Выбрать главу

— С новым счастьем! — едва ворочая языком, проговорил неожиданный гость и занес было ногу над порогом.

Опомнившись, Нина захлопнула дверь, прежде чем он успел к ней ввалиться. Одеяло выпало из ее обессилевших рук, ноги подкосились, и она села прямо на пол. Слезы полились из глаз. Нина ревела, уткнувшись лицом в одеяло.

«Неужели так будет весь год?» — содрогнулась она, вспомнив известную примету.

4

Как пройдет этот год, было еще неизвестно, но последний месяц перед отъездом Нина провела довольно печально. Это время напоминало ей затянувшиеся проводы, когда пассажиры заняли свои места, провожающие вышли из вагонов, а поезд все никак не трогается с места. Все стоят в тягостном ожидании, с застывшими на лицах улыбками.

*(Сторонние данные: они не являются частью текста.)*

theorem proposition4p6:
  fixes n :: nat
  assumes "n \<ge> 1"
  shows "(\<exists>c. S_const_coeffs (2 * n) c) \<and> (\<exists>c. S_const_coeffs (2 * n - 1) c) \<and>
    (\<forall>c. S_const_coeffs (2 * n) c \<longrightarrow>
        c 1 = 0 \<and> c 2 = - bernoulli (2 * n) / (2 * of_nat n)) \<and>
    (\<forall>c. S_const_coeffs (2 * n - 1) c \<longrightarrow> c 1 = bernoulli (2 * n) / of_nat n)"
proof -
  have N: "2 * n \<ge> 1" "2 * n - 1 \<ge> 1" "Suc (2 * n - 1) = 2 * n"
    using assms by auto
  obtain Q where Q: "degree Q \<le> 2 * n" "E_coeff_poly (2 * n) = [:-1, 2:] * pcompose Q [:0, -1, 1:]"
    using E_coeff_poly_antiinvariant_form by blast
  obtain R where R: "degree R \<le> 2 * n - 1"
    "E_coeff_poly (2 * n - 1) = [:-1, 2:] * pcompose R [:0, -1, 1:]"
    using E_coeff_poly_antiinvariant_form by blast
  have "coeff Q 1 = 0" "coeff Q 2 = - bernoulli (2 * n) / (2 * of_nat n)"
    using coeff_antiinvariant_form[OF Q(2)] coeff_0_E_coeff_poly coeff_1_E_coeff_poly[of "2 * n"]
      coeff_2_E_coeff_poly_even[of "2 * n"] assms
    by simp_all
  moreover have "coeff R 1 = bernoulli (2 * n) / of_nat n"
    using coeff_antiinvariant_form[OF R(2)] coeff_0_E_coeff_poly coeff_1_E_coeff_poly[of "2 * n - 1"] N(3)
    by simp
  moreover have "2 \<le> 2 * n"
    using assms by simp
  ultimately show ?thesis
    using N S_const_coeffs_coeff[OF N(1) Q] S_const_coeffs_coeff[OF N(2) R]
      S_const_coeffs_unique[OF N(1) Q(2)] S_const_coeffs_unique[OF N(2) R(2)]
    by metis
qed

end
(* Let $(a_N)$ be a sequence of positive numbers and, for each $N$, let $P_{N,a_N}$ be the probability on sequences $(n_j)_{j\ge0}$ of nonnegative integers with $\sum_jn_j=N$ given by $P_{N,a_N}((n_j))\propto e^{-a_N\sum_jjn_j}$. Let $\lambda_N=1-m_N/N$ with integers $0\le m_N\le N$, and suppose $\lambda_N\to\lambda\le1$ and $(1-\lambda_N)Na_N\to\infty$. Then $$P_{N,a_N}\Big(\frac{n_0}N\ge\lambda_N\Big)=e^{-(1+\epsilon_N)A_{N1}(\lambda_N)},\qquad A_{N1}(\lambda_N)=\frac{e^{-Na_N}\big(e^{\lambda_NNa_N}-1\big)}{e^{a_N}-1},$$ where $0<\epsilon_N<-\ln\big(1-e^{-(1-\lambda_N)Na_N}\big)\to0$.
   Context: This is the canonical ensemble of $N$ noninteracting bosons in a one-dimensional harmonic trap, $n_0$ being the ground-state occupation. *)

theory Defs
  imports "HOL-Analysis.Analysis"
begin

definition support :: "(nat \<Rightarrow> nat) \<Rightarrow> nat set" where
  "support n = {j. n j \<noteq> 0}"

definition configs :: "nat \<Rightarrow> (nat \<Rightarrow> nat) set" where
  "configs N = {n. finite (support n) \<and> (\<Sum>j\<in>support n. n j) = N}"

definition energy :: "(nat \<Rightarrow> nat) \<Rightarrow> nat" where
  "energy n = (\<Sum>j\<in>support n. j * n j)"

definition weight :: "real \<Rightarrow> (nat \<Rightarrow> nat) \<Rightarrow> real" where
  "weight a n = exp (- a * real (energy n))"

definition canon_prob :: "nat \<Rightarrow> real \<Rightarrow> ((nat \<Rightarrow> nat) \<Rightarrow> bool) \<Rightarrow> real" where
  "canon_prob N a E = infsum (weight a) {n \<in> configs N. E n} / infsum (weight a) (configs N)"

definition A_N1 :: "nat \<Rightarrow> real \<Rightarrow> real \<Rightarrow> real" where
  "A_N1 N a l = exp (- real N * a) * (exp (l * real N * a) - 1) / (exp a - 1)"

end

theory Submission
  imports Defs "HOL-Real_Asymp.Real_Asymp"
begin

(* With q = exp (-a), a configuration of N + 1 particles either has a particle in the ground
   state, which can be removed without changing the energy, or arises from a configuration of
   N + 1 particles by lifting every particle one level, which costs energy N + 1. Hence
   Z (N + 1) = Z N + q^(N+1) Z (N + 1), i.e. Z N = prod_{k=1..N} 1 / (1 - q^k). Removing N - m
   ground-state particles identifies the event n_0 >= N - m with the configurations of m
   particles, so its probability is Z m / Z N = prod_{k=m+1..N} (1 - q^k). Termwise
   x < - ln (1 - x) < x (1 - ln (1 - q^m)) for x = q^k <= q^m, and sum_{k=m+1..N} q^k = A_N1;
   since q^m = exp (- (1 - lambda_N) N a_N) tends to 0, so does the relative error. *)

definition particles :: "(nat \<Rightarrow> nat) \<Rightarrow> nat" where
  "particles n = (\<Sum>j\<in>support n. n j)"

lemma mem_configs_iff: "n \<in> configs N \<longleftrightarrow> finite (support n) \<and> particles n = N"
  by (simp add: configs_def particles_def)

lemma configs_0: "configs 0 = {\<lambda>_. 0}"
proof (intro equalityI subsetI)
  fix n assume "n \<in> configs 0"
  then have "support n = {}"
    by (auto simp: mem_configs_iff particles_def support_def)
  then show "n \<in> {\<lambda>_. 0}" by (auto simp: support_def)
qed (simp add: mem_configs_iff particles_def support_def)

lemma sum_support_eq_superset:
  assumes "finite S" "support n \<subseteq> S" "\<And>j. n j = 0 \<Longrightarrow> g j = 0"
  shows "(\<Sum>j\<in>support n. g j) = (\<Sum>j\<in>S. g j)"
  using assms by (intro sum.mono_neutral_left) (auto simp: support_def)

lemma support_fun_upd_0: "support (n(0 := x)) \<subseteq> insert 0 (support n)"
  by (auto simp: support_def)

lemma particles_fun_upd_0:
  assumes "finite (support n)"
  shows "particles (n(0 := x)) + n 0 = particles n + x"
proof -
  let ?S = "insert 0 (support n)"
  have "particles (n(0 := x)) = x + (\<Sum>j\<in>support n - {0}. n j)"
    unfolding particles_def using assms support_fun_upd_0
    by (subst sum_support_eq_superset[where S = ?S]) (auto simp: sum.insert_remove)
  moreover have "particles n = n 0 + (\<Sum>j\<in>support n - {0}. n j)"
    unfolding particles_def using assms
    by (subst sum_support_eq_superset[where S = ?S]) (auto simp: sum.insert_remove)
  ultimately show ?thesis
    by simp
qed

lemma energy_fun_upd_0:
  assumes "finite (support n)"
  shows "energy (n(0 := x)) = energy n"
proof -
  let ?S = "insert 0 (support n)"
  have "energy (n(0 := x)) = (\<Sum>j\<in>?S. j * (n(0 := x)) j)"
    unfolding energy_def using assms support_fun_upd_0
    by (intro sum_support_eq_superset) auto
  also have "\<dots> = (\<Sum>j\<in>?S. j * n j)"
    by (intro sum.cong) auto
  also have "\<dots> = energy n"
    unfolding energy_def using assms by (intro sum_support_eq_superset[symmetric]) auto
  finally show ?thesis .
qed

definition add_ground :: "nat \<Rightarrow> (nat \<Rightarrow> nat) \<Rightarrow> nat \<Rightarrow> nat" where
  "add_ground k n = n(0 := n 0 + k)"

lemma inj_add_ground: "inj (add_ground k)"
  by (rule inj_on_inverseI[where g = "\<lambda>n. n(0 := n 0 - k)"]) (simp add: add_ground_def)

lemma image_add_ground_configs: "add_ground k ` configs M = {n \<in> configs (M + k). k \<le> n 0}"
  unfolding add_ground_def
proof (intro equalityI subsetI)
  fix n assume "n \<in> (\<lambda>n. n(0 := n 0 + k)) ` configs M"
  then obtain n' where n': "n' \<in> configs M" "n = n'(0 := n' 0 + k)" by blast
  then show "n \<in> {n \<in> configs (M + k). k \<le> n 0}"
    using particles_fun_upd_0[of n' "n' 0 + k"] support_fun_upd_0[of n']
    by (auto simp: mem_configs_iff intro: finite_subset)
next
  fix n assume n: "n \<in> {n \<in> configs (M + k). k \<le> n 0}"
  let ?n' = "n(0 := n 0 - k)"
  have "?n' \<in> configs M"
    using n particles_fun_upd_0[of n "n 0 - k"] support_fun_upd_0[of n]
    by (auto simp: mem_configs_iff intro: finite_subset)
  moreover have "n = ?n'(0 := ?n' 0 + k)" using n by auto
  ultimately show "n \<in> (\<lambda>n. n(0 := n 0 + k)) ` configs M" by blast
qed

definition lift :: "(nat \<Rightarrow> nat) \<Rightarrow> nat \<Rightarrow> nat" where
  "lift n j = (case j of 0 \<Rightarrow> 0 | Suc i \<Rightarrow> n i)"

lemma lift_0 [simp]: "lift n 0 = 0" and lift_Suc [simp]: "lift n (Suc j) = n j"
  by (simp_all add: lift_def)

lemma inj_lift: "inj lift"
  by (rule inj_on_inverseI[where g = "\<lambda>n j. n (Suc j)"]) simp

lemma support_lift: "support (lift n) = Suc ` support n"
proof (intro set_eqI)
  fix j show "j \<in> support (lift n) \<longleftrightarrow> j \<in> Suc ` support n"
    by (cases j) (auto simp: support_def)
qed

lemma particles_lift: "particles (lift n) = particles n"
  unfolding particles_def support_lift by (simp add: sum.reindex)

lemma energy_lift: "energy (lift n) = energy n + particles n"
  unfolding energy_def particles_def support_lift by (simp add: sum.reindex sum.distrib)

lemma image_lift_configs: "lift ` configs N = {n \<in> configs N. n 0 = 0}"
proof (intro equalityI subsetI)
  fix n assume n: "n \<in> {n \<in> configs N. n 0 = 0}"
  then have lifted: "n = lift (\<lambda>j. n (Suc j))"
    by (auto simp: fun_eq_iff lift_def split: nat.splits)
  then have "(\<lambda>j. n (Suc j)) \<in> configs N"
    using n particles_lift[of "\<lambda>j. n (Suc j)"] support_lift[of "\<lambda>j. n (Suc j)"]
    by (auto simp: mem_configs_iff finite_image_iff)
  with lifted show "n \<in> lift ` configs N" by blast
qed (auto simp: mem_configs_iff support_lift particles_lift)

lemma configs_Suc:
  "configs (Suc M) = add_ground 1 ` configs M \<union> lift ` configs (Suc M)"
  "add_ground 1 ` configs M \<inter> lift ` configs (Suc M) = {}"
  unfolding image_add_ground_configs image_lift_configs by auto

Нина постепенно сворачивала свои дела в Москве, хотя и дел-то никаких особенных у нее не было. В основном она сидела дома, смотрела телевизор, читала. О своем отъезде она решила сообщить не раньше чем за неделю. Ей совсем не хотелось, чтобы ее планы стали предметом бурных обсуждений родни и знакомых.

До отъезда Нине надо было распорядиться насчет квартиры.

«Сдавать не хочется, деньги вроде пока есть, а после жильцов квартира станет чужой. Родных пустишь, потом добровольно не съедут. — Нина помнила семейный скандал, когда решался вопрос, кому достанется эта квартира. Хорошо, что она была любимой внучкой, и бабушка решительно заявила, что оставляет свою площадь именно ей. — Нет, пущу-ка я сюда Митю пожить. Он человек благородный и хоть и пьющий, но аккуратный. Пусть отдохнет от своей кикиморы».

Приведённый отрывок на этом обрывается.